- _What this task involves_: Count, in the entries, the lines with "open". Answer with the number only.

- _Data supplied_:

(* On any labelled transition system, the relations $\leftrightarrow_b$, $\leftrightarrow_b^{ds}$ and $\leftrightarrow_b^{\Delta}$ are equivalence relations.
   Context: Fix a set $\mathrm{Act}$ of actions containing a special action $\tau$. An LTS is $(S,\to)$ with $\to\subseteq S\times\mathrm{Act}\times S$. A path from $s$ is an alternating sequence $s_0,a_1,s_1,a_2,\dots$ (ending with a state if finite) with $s_0=s$ and $s_{k-1}\xrightarrow{a_k}s_k$; it is maximal if infinite or if its last state has no outgoing transitions. A colouring is a function $\mathcal{C}$ from $S$ into an arbitrary set of colours. For a path $\pi$, $\mathcal{C}(\pi)$ is obtained from $\mathcal{C}(s_0),a_1,\mathcal{C}(s_1),a_2,\dots$ by contracting every finite maximal consecutive subsequence $C,\tau,C,\tau,\dots,\tau,C$ and every infinite one $C,\tau,C,\tau,\dots$ to $C$. For $\pi$ from $s$, $\mathcal{C}(\pi)$ is a $\mathcal{C}$-coloured trace of $s$; complete if $\pi$ is maximal; divergent if $\pi$ is infinite and $\mathcal{C}(\pi)$ finite. $\mathcal{C}$ is consistent if any two states of equal colour have the same $\mathcal{C}$-coloured traces; fully consistent if any two states of equal colour have the same complete $\mathcal{C}$-coloured traces; a consistent $\mathcal{C}$ preserves divergence if any two states of equal colour have the same divergent $\mathcal{C}$-coloured traces. $s\leftrightarrow_b t$ iff some consistent colouring $\mathcal{C}$ has $\mathcal{C}(s)=\mathcal{C}(t)$; $s\leftrightarrow_b^{ds}t$ iff some fully consistent colouring $\mathcal{C}$ has $\mathcal{C}(s)=\mathcal{C}(t)$; $s\leftrightarrow_b^{\Delta}t$ iff some consistent, divergence preserving colouring $\mathcal{C}$ has $\mathcal{C}(s)=\mathcal{C}(t)$. *)

theory Defs
  imports Main "HOL-Library.Extended_Nat"
begin

text \<open>An LTS over states of type 's and actions of type 'a is a transition
relation T :: ('s \<times> 'a \<times> 's) set; the state set is the whole type 's.
The special action tau is a parameter.

A path is a triple (s0, st, n): start state s0, number of transitions
n :: enat (infinity for infinite paths), and st i = (a_(i+1), s_(i+1)) for i < n
(values of st at indices \<ge> n are irrelevant).\<close>

type_synonym ('s, 'a) path = "'s \<times> (nat \<Rightarrow> 'a \<times> 's) \<times> enat"

fun path_state :: "('s, 'a) path \<Rightarrow> nat \<Rightarrow> 's" where
  "path_state (s0, st, n) 0 = s0"
| "path_state (s0, st, n) (Suc i) = snd (st i)"

fun path_len :: "('s, 'a) path \<Rightarrow> enat" where
  "path_len (s0, st, n) = n"

fun path_act :: "('s, 'a) path \<Rightarrow> nat \<Rightarrow> 'a" where
  "path_act (s0, st, n) i = fst (st i)"

definition is_path :: "('s \<times> 'a \<times> 's) set \<Rightarrow> 's \<Rightarrow> ('s, 'a) path \<Rightarrow> bool" where
  "is_path T s \<pi> \<longleftrightarrow> path_state \<pi> 0 = s \<and>
     (\<forall>i. enat i < path_len \<pi> \<longrightarrow>
          (path_state \<pi> i, path_act \<pi> i, path_state \<pi> (Suc i)) \<in> T)"

definition maximal_path :: "('s \<times> 'a \<times> 's) set \<Rightarrow> ('s, 'a) path \<Rightarrow> bool" where
  "maximal_path T \<pi> \<longleftrightarrow> path_len \<pi> = \<infinity> \<or>
     (\<exists>m. path_len \<pi> = enat m \<and> \<not> (\<exists>a t. (path_state \<pi> m, a, t) \<in> T))"

text \<open>Indices i of transitions (the (i+1)-th step) that survive the contraction:
a step is removed exactly when it is a tau step whose target has the same colour
as its source, i.e. it lies inside a maximal block  C,tau,C,...,tau,C  (finite or
infinite), which is contracted to C.\<close>

definition kept :: "'a \<Rightarrow> ('s \<Rightarrow> 'c) \<Rightarrow> ('s, 'a) path \<Rightarrow> nat set" where
  "kept tau C \<pi> = {i. enat i < path_len \<pi> \<and>
      \<not> (path_act \<pi> i = tau \<and> C (path_state \<pi> (Suc i)) = C (path_state \<pi> i))}"

text \<open>A coloured trace is represented canonically as the initial colour together
with the (finite or infinite) sequence of remaining (action, colour) pairs,
given as a function nat \<Rightarrow> option that is Some on an initial segment of nat
and None afterwards.  The n-th entry is the n-th surviving step.\<close>

type_synonym ('a, 'c) ctrace = "'c \<times> (nat \<Rightarrow> ('a \<times> 'c) option)"

definition coloured_trace :: "'a \<Rightarrow> ('s \<Rightarrow> 'c) \<Rightarrow> ('s, 'a) path \<Rightarrow> ('a, 'c) ctrace" where
  "coloured_trace tau C \<pi> =
    (C (path_state \<pi> 0),
     (\<lambda>n. if \<exists>k \<in> kept tau C \<pi>. card {j \<in> kept tau C \<pi>. j < k} = n
          then (let k = (THE k. k \<in> kept tau C \<pi> \<and> card {j \<in> kept tau C \<pi>. j < k} = n)
                in Some (path_act \<pi> k, C (path_state \<pi> (Suc k))))
          else None))"

definition ctraces :: "'a \<Rightarrow> ('s \<times> 'a \<times> 's) set \<Rightarrow> ('s \<Rightarrow> 'c) \<Rightarrow> 's \<Rightarrow> ('a, 'c) ctrace set" where
  "ctraces tau T C s = {coloured_trace tau C \<pi> | \<pi>. is_path T s \<pi>}"

definition complete_ctraces :: "'a \<Rightarrow> ('s \<times> 'a \<times> 's) set \<Rightarrow> ('s \<Rightarrow> 'c) \<Rightarrow> 's \<Rightarrow> ('a, 'c) ctrace set" where
  "complete_ctraces tau T C s =
     {coloured_trace tau C \<pi> | \<pi>. is_path T s \<pi> \<and> maximal_path T \<pi>}"

definition divergent_ctraces :: "'a \<Rightarrow> ('s \<times> 'a \<times> 's) set \<Rightarrow> ('s \<Rightarrow> 'c) \<Rightarrow> 's \<Rightarrow> ('a, 'c) ctrace set" where
  "divergent_ctraces tau T C s =
     {coloured_trace tau C \<pi> | \<pi>. is_path T s \<pi> \<and> path_len \<pi> = \<infinity> \<and> finite (kept tau C \<pi>)}"

definition consistent :: "'a \<Rightarrow> ('s \<times> 'a \<times> 's) set \<Rightarrow> ('s \<Rightarrow> 'c) \<Rightarrow> bool" where
  "consistent tau T C \<longleftrightarrow> (\<forall>s t. C s = C t \<longrightarrow> ctraces tau T C s = ctraces tau T C t)"

definition fully_consistent :: "'a \<Rightarrow> ('s \<times> 'a \<times> 's) set \<Rightarrow> ('s \<Rightarrow> 'c) \<Rightarrow> bool" where
  "fully_consistent tau T C \<longleftrightarrow>
     (\<forall>s t. C s = C t \<longrightarrow> complete_ctraces tau T C s = complete_ctraces tau T C t)"

definition div_preserving :: "'a \<Rightarrow> ('s \<times> 'a \<times> 's) set \<Rightarrow> ('s \<Rightarrow> 'c) \<Rightarrow> bool" where
  "div_preserving tau T C \<longleftrightarrow>
     (\<forall>s t. C s = C t \<longrightarrow> divergent_ctraces tau T C s = divergent_ctraces tau T C t)"

text \<open>Colours are taken from the type 's set; since
consistency notions are invariant under injective renaming of colours and any
colouring can be renamed injectively to s \<mapsto> its colour class, this loses no
generality.\<close>

definition branching_bisim :: "'a \<Rightarrow> ('s \<times> 'a \<times> 's) set \<Rightarrow> 's \<Rightarrow> 's \<Rightarrow> bool" where
  "branching_bisim tau T s t \<longleftrightarrow>
     (\<exists>C :: 's \<Rightarrow> 's set. consistent tau T C \<and> C s = C t)"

- _Task response_: 4